I am not so convinced that we are about to have revenue streams such as those in Europe. The Yankee Group projects that 200 billion messages per year by 2005 will account for five percent of all telecom revenue in the U.S. by 2005. Currently, one percent of revenue is derived from wireless data transmissions. Mobile Lifestreams projects that by December 2002, North America will be sending seven billion messages per month, as compared to 27 billion for the European Union, 10 billion for Asia, and 450 million for Africa.

Mobile industry execs have high hopes that data volumes, which have been a cash cow for the fixed lines, will find a place on the wireless side. Motorola has discontinued all one-way pagers in favor of SMS and its BlackBerry messaging system. At present, there are only two million two-way data subscribers in the U.S. Further, SMS is still viewed by many as a social tool, even within a business setting.

An executive at a premiere brand name multi-national describes how BlackBerry was ordered for the entire product team for the purposes of facilitating communications among the group. Although she remembers several times how useful the instant receipt of facts became, on most occasions, BlackBerry was used to coordinate lunch plans. Besides, when BlackBerry was carried in a briefcase or purse and not on a belt, it was difficult if not impossible for the women in the group to hear the ring tone. By contrast, ring tones have evolved to a high art form overseas, borrowing the technique of sampling from the hip-hop community and alerting their owners with clips from Fat Joe, Eminem, Tweet, Holly Valance, and Ms. Dynamite.

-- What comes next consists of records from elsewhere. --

lemma mem_lex_orientation:
  "((u, v), (p, q)) \<in> lex_orientation G H OG OH A \<longleftrightarrow>
     u \<in> verts G \<and> p \<in> verts G \<and> v \<in> verts H \<and> q \<in> verts H \<and>
     (if u = p then adj H v q \<and> (v, q) \<in> OH
      else adj G u p \<and> ((u, p) \<in> OG \<longleftrightarrow> (v \<in> A \<longleftrightarrow> q \<in> A)))"
  by (auto simp: lex_orientation_def adj_lex_product)

lemma orientation_lex_orientation:
  assumes oG: "orientation G OG" and oH: "orientation H OH"
  shows "orientation (lex_product G H) (lex_orientation G H OG OH A)"
  unfolding orientation_def
proof (intro conjI allI impI)
  show "\<forall>(x, y)\<in>lex_orientation G H OG OH A. adj (lex_product G H) x y"
    by (auto simp: lex_orientation_def)
next
  fix x y :: "'a \<times> 'b"
  assume xy: "adj (lex_product G H) x y"
  obtain u v u' v' where x: "x = (u, v)" and y: "y = (u', v')" by fastforce
  have yx: "adj (lex_product G H) y x" using xy adj_commute by metis
  show "(x, y) \<in> lex_orientation G H OG OH A \<longleftrightarrow> (y, x) \<notin> lex_orientation G H OG OH A"
  proof (cases "u = u'")
    case True
    then have "adj H v v'" using xy x y by (simp add: adj_lex_product)
    then show ?thesis
      using True xy yx x y orientation_flip[OF oH] by (simp add: lex_orientation_def)
  next
    case False
    then have "adj G u u'" using xy x y by (simp add: adj_lex_product)
    then show ?thesis
      using False xy yx x y orientation_flip[OF oG] by (auto simp: lex_orientation_def)
  qed
qed

lemma one_perfectly_orientable_lex_product_edgeless:
  assumes gG: "graph G" and gH: "graph H"
    and "edgeless G" and "one_perfectly_orientable H"
  shows "one_perfectly_orientable (lex_product G H)"
proof -
  obtain OH where OH: "one_perfect_orientation H OH"
    using assms(4) unfolding one_perfectly_orientable_def by blast
  have no_adj: "\<not> adj G u u'" for u u'
    using \<open>edgeless G\<close> edgeless_iff_no_adj[OF gG] by blast
  then have "orientation G {}" unfolding orientation_def by simp
  moreover have "orientation H OH" using OH by (simp add: one_perfect_orientation_def)
  ultimately have oD: "orientation (lex_product G H) (lex_orientation G H {} OH {})"
    by (rule orientation_lex_orientation)
  have "adj (lex_product G H) y z"
    if "(x, y) \<in> lex_orientation G H {} OH {}" "(x, z) \<in> lex_orientation G H {} OH {}" "y \<noteq> z"
    for x y z
  proof -
    obtain u v p q p' q' where x: "x = (u, v)" and y: "y = (p, q)" and z: "z = (p', q')"
      by (cases x; cases y; cases z)
    then have "p = u" "p' = u" "(v, q) \<in> OH" "(v, q') \<in> OH" "u \<in> verts G"
      using that no_adj by (auto simp: mem_lex_orientation split: if_splits)
    moreover from this have "adj H q q'"
      using one_perfect_orientation_adj[OF gH OH] \<open>y \<noteq> z\<close> y z by auto
    ultimately show ?thesis
      using y z adj_imp_verts[OF gH] by (simp add: adj_lex_product)
  qed
  then show ?thesis
    using one_perfect_orientationI[OF graph_lex_product[OF gG gH] oD]
    unfolding one_perfectly_orientable_def by blast
qed

lemma one_perfectly_orientable_lex_product_complete:
  assumes gG: "graph G" and gH: "graph H"
    and "one_perfectly_orientable G" and "complete H"
  shows "one_perfectly_orientable (lex_product G H)"
proof -
  obtain OG where OG: "one_perfect_orientation G OG"
    using assms(3) unfolding one_perfectly_orientable_def by blast
  then have oG: "orientation G OG" by (simp add: one_perfect_orientation_def)
  obtain OH where "orientation H OH" using exists_orientation[OF gH] by blast
  then have oD: "orientation (lex_product G H) (lex_orientation G H OG OH {})"
    using oG orientation_lex_orientation by blast
  have "adj (lex_product G H) y z"
    if "(x, y) \<in> lex_orientation G H OG OH {}" "(x, z) \<in> lex_orientation G H OG OH {}" "y \<noteq> z"
    for x y z
  proof -
    obtain u v p q p' q' where x: "x = (u, v)" and y: "y = (p, q)" and z: "z = (p', q')"
      by (cases x; cases y; cases z)
    have arcs: "p = u \<or> (u, p) \<in> OG" "p' = u \<or> (u, p') \<in> OG"
      and verts: "p \<in> verts G" "p' \<in> verts G" "q \<in> verts H" "q' \<in> verts H"
      using that x y z by (auto simp: mem_lex_orientation split: if_splits)
    have "adj G p p' \<or> (p = p' \<and> adj H q q')"
    proof (cases "p = p'")
      case True
      then have "q \<noteq> q'" using \<open>y \<noteq> z\<close> y z by simp
      then show ?thesis
        using True verts \<open>complete H\<close> unfolding complete_def clique_def by blast
    next
      case False
      then show ?thesis
        using arcs orientation_imp_adj[OF oG] one_perfect_orientation_adj[OF gG OG] adj_commute
        by metis
    qed
    then show ?thesis using verts y z by (simp add: adj_lex_product)
  qed
  then show ?thesis
    using one_perfect_orientationI[OF graph_lex_product[OF gG gH] oD]
    unfolding one_perfectly_orientable_def by blast
qed

lemma lex_orientation_out_nbhd_adj:
  assumes gG: "graph G" and gH: "graph H" and "components_complete G"
    and OH: "one_perfect_orientation H OH"
    and A: "\<And>w w'. w \<in> verts H \<Longrightarrow> w' \<in> verts H \<Longrightarrow> w \<noteq> w' \<Longrightarrow> (w \<in> A \<longleftrightarrow> w' \<in> A) \<Longrightarrow> adj H w w'"
    and arcs: "((u, v), (p, q)) \<in> lex_orientation G H OG OH A"
      "((u, v), (p', q')) \<in> lex_orientation G H OG OH A"
    and "(p, q) \<noteq> (p', q')"
  shows "adj (lex_product G H) (p, q) (p', q')"
proof -
  have arc_y: "if u = p then (v, q) \<in> OH else adj G u p \<and> ((u, p) \<in> OG \<longleftrightarrow> (v \<in> A \<longleftrightarrow> q \<in> A))"
    and arc_z: "if u = p' then (v, q') \<in> OH else adj G u p' \<and> ((u, p') \<in> OG \<longleftrightarrow> (v \<in> A \<longleftrightarrow> q' \<in> A))"
    and verts: "p \<in> verts G" "p' \<in> verts G" "q \<in> verts H" "q' \<in> verts H"
    using arcs unfolding mem_lex_orientation by (simp_all split: if_splits)
  have "adj G p p' \<or> (p = p' \<and> adj H q q')"
  proof (cases "p = p'")
    case True
    then have "q \<noteq> q'" using \<open>(p, q) \<noteq> (p', q')\<close> by simp
    show ?thesis
    proof (cases "p = u")
      case True
      then show ?thesis
        using \<open>p = p'\<close> \<open>q \<noteq> q'\<close> arc_y arc_z one_perfect_orientation_adj[OF gH OH] by auto
    next
      case False
      then have "q \<in> A \<longleftrightarrow> q' \<in> A" using \<open>p = p'\<close> arc_y arc_z by auto
      then show ?thesis using \<open>p = p'\<close> \<open>q \<noteq> q'\<close> A verts(3,4) by blast
    qed
  next
    case False
    consider "p = u" | "p' = u" | "p \<noteq> u" "p' \<noteq> u" by blast
    then show ?thesis
    proof cases
      case 1
      then show ?thesis using False arc_z by simp
    next
      case 2
      then show ?thesis using False arc_y adj_commute by (metis (full_types))
    next
      case 3
      then show ?thesis
        using False arc_y arc_z components_complete_adj_common_neighbour[OF gG \<open>components_complete G\<close>]
        by auto
    qed
  qed
  then show ?thesis using verts by (simp add: adj_lex_product)
qed

lemma one_perfectly_orientable_lex_product_co_bipartite:
  assumes gG: "graph G" and gH: "graph H" and "components_complete G"
    and "co_bipartite H" and "one_perfectly_orientable H"
  shows "one_perfectly_orientable (lex_product G H)"
proof -
  obtain OH where OH: "one_perfect_orientation H OH"
    using assms(5) unfolding one_perfectly_orientable_def by blast
  obtain OG where oG: "orientation G OG" using exists_orientation[OF gG] by blast
  obtain A where "\<forall>w\<in>verts H. \<forall>w'\<in>verts H. w \<noteq> w' \<and> (w \<in> A \<longleftrightarrow> w' \<in> A) \<longrightarrow> adj H w w'"
    using \<open>co_bipartite H\<close> unfolding co_bipartite_iff ..
  note A = this[rule_format]
  let ?D = "lex_orientation G H OG OH A"
  have "orientation H OH" using OH by (simp add: one_perfect_orientation_def)
  with oG have oD: "orientation (lex_product G H) ?D" by (rule orientation_lex_orientation)
  have "adj (lex_product G H) y z" if "(x, y) \<in> ?D" "(x, z) \<in> ?D" "y \<noteq> z" for x y z
    using that lex_orientation_out_nbhd_adj[OF gG gH \<open>components_complete G\<close> OH, of A]
    by (cases x; cases y; cases z) (simp add: A)
  then show ?thesis
    using one_perfect_orientationI[OF graph_lex_product[OF gG gH] oD]
    unfolding one_perfectly_orientable_def by blast
qed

To its credit, Motorola has made some smart moves by teaming with AOL Time Warner to make its AOL Instant Message service available via the BlackBerry handset. During the course of each day, AOL customers send more than one million messages. Likewise, Motorola's new Mobile Café Service will take the company into the content arena by offering wireless content to carriers, including messaging, entertainment, corporate productivity tools, and mobile commerce. Further, the novelty and entertainment qualities have not been lost on Motorola, which has licensed the use of Warner's archive of Looney Tunes characters for adaptation as ring tones, screen savers, and wireless games.